My not being able to return to work is a huge hit to January’s goal of beginning my life coach certification. At this point, I have zero finances for it. None. I’ll continue to pray for the funds necessary to join and finish the program - and I kindly ask for your prayers, too! I could use a bit of clarity on the necessary “next” steps He wants me to take. Should I work with the mentally ill in a behavioral hospital? Start a support group? How do I pay for the bills with all these rising medical expenses? I’ve also been trying hard to get an appointment with a GI doctor who specializes in Gastroparesis. She works out of the University of Washington - and man, the process has taken well over a month just to make an appointment. It’s difficult to be seen at UW. The hospital requires a “patient review process”, and several of my doctors haven’t been as attentive with my information as necessary. I’ve had to become my own super-advocate because some of my doctors just forget. Seeing this new GI doctor is very important. I’m currently not seeing a gastroenterologist and haven’t since my last one diagnosed me via email and dodged out of town for over a week. I was left to research my “death-threat” disease online by myself. I say “death threat” because I literally thought I was going to die after all the crap I read online. After that situation, I ditched that doctor and her hospital and started seeing my functional medicine doctor. Since then, It’s taken months to find a good GI who is well-versed and highly educated in my illness. All in all, UW is still processing my medical records before they can accept me as a patient. I could use prayers for a speedy and positive response to that request. 

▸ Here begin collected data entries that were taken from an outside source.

(* Let $f_0,f_2>0$, let $0<\Lambda_1<\Lambda_{in}$, and let $\mathfrak{c}:[\Lambda_1,\Lambda_{in}]\to\mathbb{R}$ be continuous with $192 f_2\Lambda^2-2f_0\mathfrak{c}(\Lambda)\neq 0$ for all $\Lambda$. Define $$G_{\rm eff}(\Lambda)=\frac{3\pi}{192 f_2\Lambda^2-2f_0\,\mathfrak{c}(\Lambda)} .$$ Let $h:[\Lambda_1,\Lambda_{in}]\to\mathbb{R}$ be continuous with $1-\tfrac{4\pi}{3}G_{\rm eff}(\Lambda)h(\Lambda)\neq 0$, and define $G_{{\rm eff},H}(\Lambda)=\dfrac{G_{\rm eff}(\Lambda)}{1-\frac{4\pi}{3}G_{\rm eff}(\Lambda)h(\Lambda)}$. Use the time–energy relation $\Lambda=t^{-1/2}$ (so $t\in[\Lambda_{in}^{-2},\Lambda_1^{-2}]$), and for a function $\mathcal{M}$ of $t$ write $\mathcal{M}(\Lambda):=\mathcal{M}(t)$ at $t=\Lambda^{-2}$. (a) (No gravitational memory.) If $\mathcal{M}:[\Lambda_{in}^{-2},\Lambda_1^{-2}]\to(0,\infty)$ is differentiable and satisfies $\dfrac{d\mathcal{M}}{dt}=-\big(G_{\rm eff}(t^{-1/2})\,\mathcal{M}(t)\big)^{-2}$, then for every $\Lambda\in[\Lambda_1,\Lambda_{in}]$ $$\mathcal{M}(\Lambda)=\sqrt[3]{\mathcal{M}^3(\Lambda_{in})-\frac{2}{3\pi^2}\int_\Lambda^{\Lambda_{in}}\frac{(192 f_2x^2-2f_0\mathfrak{c}(x))^2}{x^3}\,dx}.$$ (b) (Gravitational memory.) If $\mathcal{M}:[\Lambda_{in}^{-2},\Lambda_1^{-2}]\to(0,\infty)$ is differentiable and satisfies $\dfrac{d\mathcal{M}}{dt}=-\big(G_{{\rm eff},H}(t^{-1/2})\,\mathcal{M}(t)\big)^{-2}$, then for every $\Lambda\in[\Lambda_1,\Lambda_{in}]$ $$\mathcal{M}(\Lambda)=\sqrt[3]{\mathcal{M}^3(\Lambda_{in})-6\int_\Lambda^{\Lambda_{in}}\frac{\big(1-\frac{4\pi}{3}G_{\rm eff}(x)h(x)\big)^2}{x^3\,G_{\rm eff}(x)^2}\,dx}.$$
   Context: Physical interpretation: $\mathcal{M}$ is the mass of a primordial black hole evaporating by Hawking radiation in the radiation-dominated era ($a(t)=t^{1/2}$, energy $\Lambda=1/a(t)$), $\Lambda_{in}$ the energy at which this era begins. $G_{\rm eff}$ is the effective gravitational constant of the noncommutative geometry model, with $\mathfrak{c}(\Lambda)=\mathrm{Tr}(MM^\dagger)$ the renormalization-group-running trace of the squared Majorana mass matrix, and $h(\Lambda)$ plays the role of $|H|^2$ for a (nearly constant) Higgs field $H$; in the paper it is taken to be $|H|^2\sim\mu_0^2/(2\lambda_0)$. $G_{{\rm eff},H}$ is the effective gravitational constant modified by the conformal coupling $-\frac1{12}\int R|H|^2$ to the Higgs field. *)

theory Defs
  imports "HOL-Analysis.Analysis"
begin

definition G_eff :: "real \<Rightarrow> real \<Rightarrow> (real \<Rightarrow> real) \<Rightarrow> real \<Rightarrow> real" where
  "G_eff f0 f2 c \<Lambda> = 3 * pi / (192 * f2 * \<Lambda>^2 - 2 * f0 * c \<Lambda>)"

definition G_effH :: "real \<Rightarrow> real \<Rightarrow> (real \<Rightarrow> real) \<Rightarrow> (real \<Rightarrow> real) \<Rightarrow> real \<Rightarrow> real" where
  "G_effH f0 f2 c h \<Lambda> = G_eff f0 f2 c \<Lambda> / (1 - 4 * pi / 3 * G_eff f0 f2 c \<Lambda> * h \<Lambda>)"

end

theory Submission imports Defs begin

text \<open>Under \<open>t = 1/\<Lambda>\<^sup>2\<close> the equation \<open>dM/dt = -1/(G M)\<^sup>2\<close> becomes
  \<open>d(M\<^sup>3)/d\<Lambda> = 6/(\<Lambda>\<^sup>3 G(\<Lambda>)\<^sup>2)\<close>, so \<open>M\<^sup>3(\<Lambda>) + 6 \<integral>\<^sub>\<Lambda>\<^sup>\<Lambda>\<^sub>i\<^sub>n 1/(x\<^sup>3 G(x)\<^sup>2) dx\<close> is constant
  in \<open>\<Lambda>\<close>; evaluating at \<open>\<Lambda>\<^sub>i\<^sub>n\<close> and taking the (positive) cube root gives both formulas,
  which differ only in the expression for \<open>1/G\<^sup>2\<close>.\<close>

lemma inverse_square_mem_reciprocal_interval:
  fixes a b x :: real
  assumes "0 < a" and "x \<in> {a..b}"
  shows "1 / x^2 \<in> {1 / b^2 .. 1 / a^2}"
  using assms by (auto simp: divide_simps power_mono)

lemma has_real_derivative_cube_comp_inverse_square:
  fixes M G :: "real \<Rightarrow> real" and x :: real
  assumes x: "0 < x" and M_nz: "M (1 / x^2) \<noteq> 0"
    and M_deriv: "(M has_real_derivative - inverse ((G x * M (1 / x^2))^2)) (at (1 / x^2) within T)"
    and image: "(\<lambda>x. 1 / x^2) ` S \<subseteq> T"
  shows "((\<lambda>x. M (1 / x^2) ^ 3) has_real_derivative 6 * (inverse (G x ^ 2) / x^3)) (at x within S)"
proof -
  have "((\<lambda>x. 1 / x^2) has_real_derivative - 2 / x^3) (at x within S)"
    using x by (auto intro!: derivative_eq_intros simp: field_simps power2_eq_square power3_eq_cube)
  from DERIV_image_chain[OF has_field_derivative_subset[OF M_deriv image] this]
  have "((\<lambda>x. M (1 / x^2)) has_real_derivative
          - inverse ((G x * M (1 / x^2))^2) * (- 2 / x^3)) (at x within S)"
    by (simp add: o_def)
  from DERIV_power[OF this, of 3] show ?thesis
    using M_nz by (simp add: field_simps power_mult_distrib)
qed

lemma mass_eq_root_integral:
  fixes a b L :: real and M G :: "real \<Rightarrow> real"
  assumes ab: "0 < a" "a < b"
    and G_cont: "continuous_on {a..b} (\<lambda>x. inverse (G x ^ 2))"
    and M: "\<forall>t\<in>{1 / b^2 .. 1 / a^2}. M t > 0 \<and>
       (M has_real_derivative - inverse ((G (1 / sqrt t) * M t)^2)) (at t within {1 / b^2 .. 1 / a^2})"
    and L: "L \<in> {a..b}"
  shows "M (1 / L^2) = root 3 (M (1 / b^2) ^ 3 - 6 * integral {L..b} (\<lambda>x. inverse (G x ^ 2) / x^3))"
proof -
  let ?f = "\<lambda>x. inverse (G x ^ 2) / x^3"
  have f_cont: "continuous_on {a..b} ?f"
    using ab by (intro continuous_intros G_cont) auto
  define F where "F x = M (1 / x^2) ^ 3 + 6 * integral {x..b} ?f" for x
  have "(F has_real_derivative 0) (at x within {a..b})" if x: "x \<in> {a..b}" for x
  proof -
    have x_pos: "0 < x" using x ab by auto
    have sqrt_eq: "1 / sqrt (1 / x^2) = x"
      using x_pos by (simp add: real_sqrt_divide)
    have "M (1 / x^2) > 0" and
      "(M has_real_derivative - inverse ((G x * M (1 / x^2))^2)) (at (1 / x^2) within {1 / b^2 .. 1 / a^2})"
      using bspec[OF M inverse_square_mem_reciprocal_interval[OF ab(1) x]] unfolding sqrt_eq by auto
    then have "((\<lambda>x. M (1 / x^2) ^ 3) has_real_derivative 6 * ?f x) (at x within {a..b})"
      using inverse_square_mem_reciprocal_interval[OF ab(1)]
      by (intro has_real_derivative_cube_comp_inverse_square[OF x_pos]) auto
    from DERIV_add[OF this DERIV_cmult[OF integral_has_real_derivative'[OF f_cont x], of 6]]
    show ?thesis unfolding F_def by simp
  qed
  then obtain k where "\<forall>x\<in>{a..b}. F x = k"
    using has_field_derivative_zero_constant[of "{a..b}" F] by auto
  then have "F L = F b"
    using L ab by auto
  then have "M (1 / L^2) ^ 3 = M (1 / b^2) ^ 3 - 6 * integral {L..b} ?f"
    by (simp add: F_def)
  moreover have "M (1 / L^2) > 0"
    using M inverse_square_mem_reciprocal_interval[OF ab(1) L] by auto
  ultimately show ?thesis
    by (metis less_imp_le real_root_power_cancel zero_less_numeral)
qed

text \<open>Both identities hold unconditionally because \<open>x / 0 = 0\<close> and \<open>inverse 0 = 0\<close>.\<close>

lemma inverse_G_eff_square:
  "inverse (G_eff f0 f2 c x ^ 2) = (192 * f2 * x^2 - 2 * f0 * c x)^2 / (9 * pi^2)"
  by (simp add: G_eff_def power_divide field_simps)

lemma inverse_G_effH_square:
  "inverse (G_effH f0 f2 c h x ^ 2) = (1 - 4 * pi / 3 * G_eff f0 f2 c x * h x)^2 / G_eff f0 f2 c x ^ 2"
  by (simp add: G_effH_def power_divide)

theorem proposition4p7:
  fixes f0 f2 \<Lambda>1 \<Lambda>in :: real and c h :: "real \<Rightarrow> real"
  assumes f0: "f0 > 0" and f2: "f2 > 0"
    and L1: "0 < \<Lambda>1" and L1in: "\<Lambda>1 < \<Lambda>in"
    and c_cont: "continuous_on {\<Lambda>1..\<Lambda>in} c"
    and c_nz: "\<forall>\<Lambda>\<in>{\<Lambda>1..\<Lambda>in}. 192 * f2 * \<Lambda>^2 - 2 * f0 * c \<Lambda> \<noteq> 0"
    and h_cont: "continuous_on {\<Lambda>1..\<Lambda>in} h"
    and h_nz: "\<forall>\<Lambda>\<in>{\<Lambda>1..\<Lambda>in}. 1 - 4 * pi / 3 * G_eff f0 f2 c \<Lambda> * h \<Lambda> \<noteq> 0"
  shows
    "(\<forall>M :: real \<Rightarrow> real.
        ((\<forall>t\<in>{1 / \<Lambda>in^2 .. 1 / \<Lambda>1^2}. M t > 0 \<and>
            (M has_real_derivative
               (- inverse ((G_eff f0 f2 c (1 / sqrt t) * M t)^2)))
             (at t within {1 / \<Lambda>in^2 .. 1 / \<Lambda>1^2})))
        \<longrightarrow> (\<forall>\<Lambda>\<in>{\<Lambda>1..\<Lambda>in}.
              M (1 / \<Lambda>^2) =
                root 3 ((M (1 / \<Lambda>in^2))^3 - 2 / (3 * pi^2) *
                  integral {\<Lambda>..\<Lambda>in}
                    (\<lambda>x. (192 * f2 * x^2 - 2 * f0 * c x)^2 / x^3))))
     \<and>
     (\<forall>M :: real \<Rightarrow> real.
        ((\<forall>t\<in>{1 / \<Lambda>in^2 .. 1 / \<Lambda>1^2}. M t > 0 \<and>
            (M has_real_derivative
               (- inverse ((G_effH f0 f2 c h (1 / sqrt t) * M t)^2)))
             (at t within {1 / \<Lambda>in^2 .. 1 / \<Lambda>1^2})))
        \<longrightarrow> (\<forall>\<Lambda>\<in>{\<Lambda>1..\<Lambda>in}.
              M (1 / \<Lambda>^2) =
                root 3 ((M (1 / \<Lambda>in^2))^3 - 6 *
                  integral {\<Lambda>..\<Lambda>in}
                    (\<lambda>x. (1 - 4 * pi / 3 * G_eff f0 f2 c x * h x)^2
                          / (x^3 * (G_eff f0 f2 c x)^2)))))"
proof -
  have G_eff_cont: "continuous_on {\<Lambda>1..\<Lambda>in} (G_eff f0 f2 c)"
    unfolding G_eff_def[abs_def] using c_nz by (intro continuous_intros c_cont) auto
  have "continuous_on {\<Lambda>1..\<Lambda>in} (\<lambda>x. inverse (G_eff f0 f2 c x ^ 2))"
    unfolding inverse_G_eff_square by (intro continuous_intros c_cont) auto
  moreover have "continuous_on {\<Lambda>1..\<Lambda>in} (\<lambda>x. inverse (G_effH f0 f2 c h x ^ 2))"
    unfolding inverse_G_effH_square using c_nz
    by (intro continuous_intros G_eff_cont h_cont) (auto simp: G_eff_def)
  moreover have "6 * integral S (\<lambda>x. inverse (G_eff f0 f2 c x ^ 2) / x^3)
      = 2 / (3 * pi^2) * integral S (\<lambda>x. (192 * f2 * x^2 - 2 * f0 * c x)^2 / x^3)" for S
    using integral_mult_right[of S "1 / (9 * pi^2)" "\<lambda>x. (192 * f2 * x^2 - 2 * f0 * c x)^2 / x^3"]
    by (simp add: inverse_G_eff_square)
  moreover have "(\<lambda>x. inverse (G_effH f0 f2 c h x ^ 2) / x^3)
      = (\<lambda>x. (1 - 4 * pi / 3 * G_eff f0 f2 c x * h x)^2 / (x^3 * (G_eff f0 f2 c x)^2))"
    by (simp add: inverse_G_effH_square mult.commute)
  ultimately show ?thesis
    using mass_eq_root_integral[OF L1 L1in, where G = "G_eff f0 f2 c"]
      mass_eq_root_integral[OF L1 L1in, where G = "G_effH f0 f2 c h"]
    by simp
qed

end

As always, I just want to thank you for keeping up with journey, sharing my story, and even donating to my GoFundMe campaign. If you haven’t, and want to help with my current battle, you can access it under my blog’s headline - or just by clicking right here! If you don’t have money to spare, that’s SO okay! I still appreciate your love and concern more than you know. And if you could share my story or the link with others who may be able to help, then I’m forever indebted to you. Gosh, I’m so blessed by all the good friends and loved ones that are helping me through this really difficult time. I love you guys so, so, so, so much!
On a short and final note: I just wanna make sure my Cali friends+fam know there’s no way I’m moving back after the past few weeks Seattle. This city has resources. Seattle has seasons. Colorful trees. Misty, moody and beautiful rain. The ocean. Lakes. Islands. I’m in awe. Fall, I have truly fallen head over heels for you!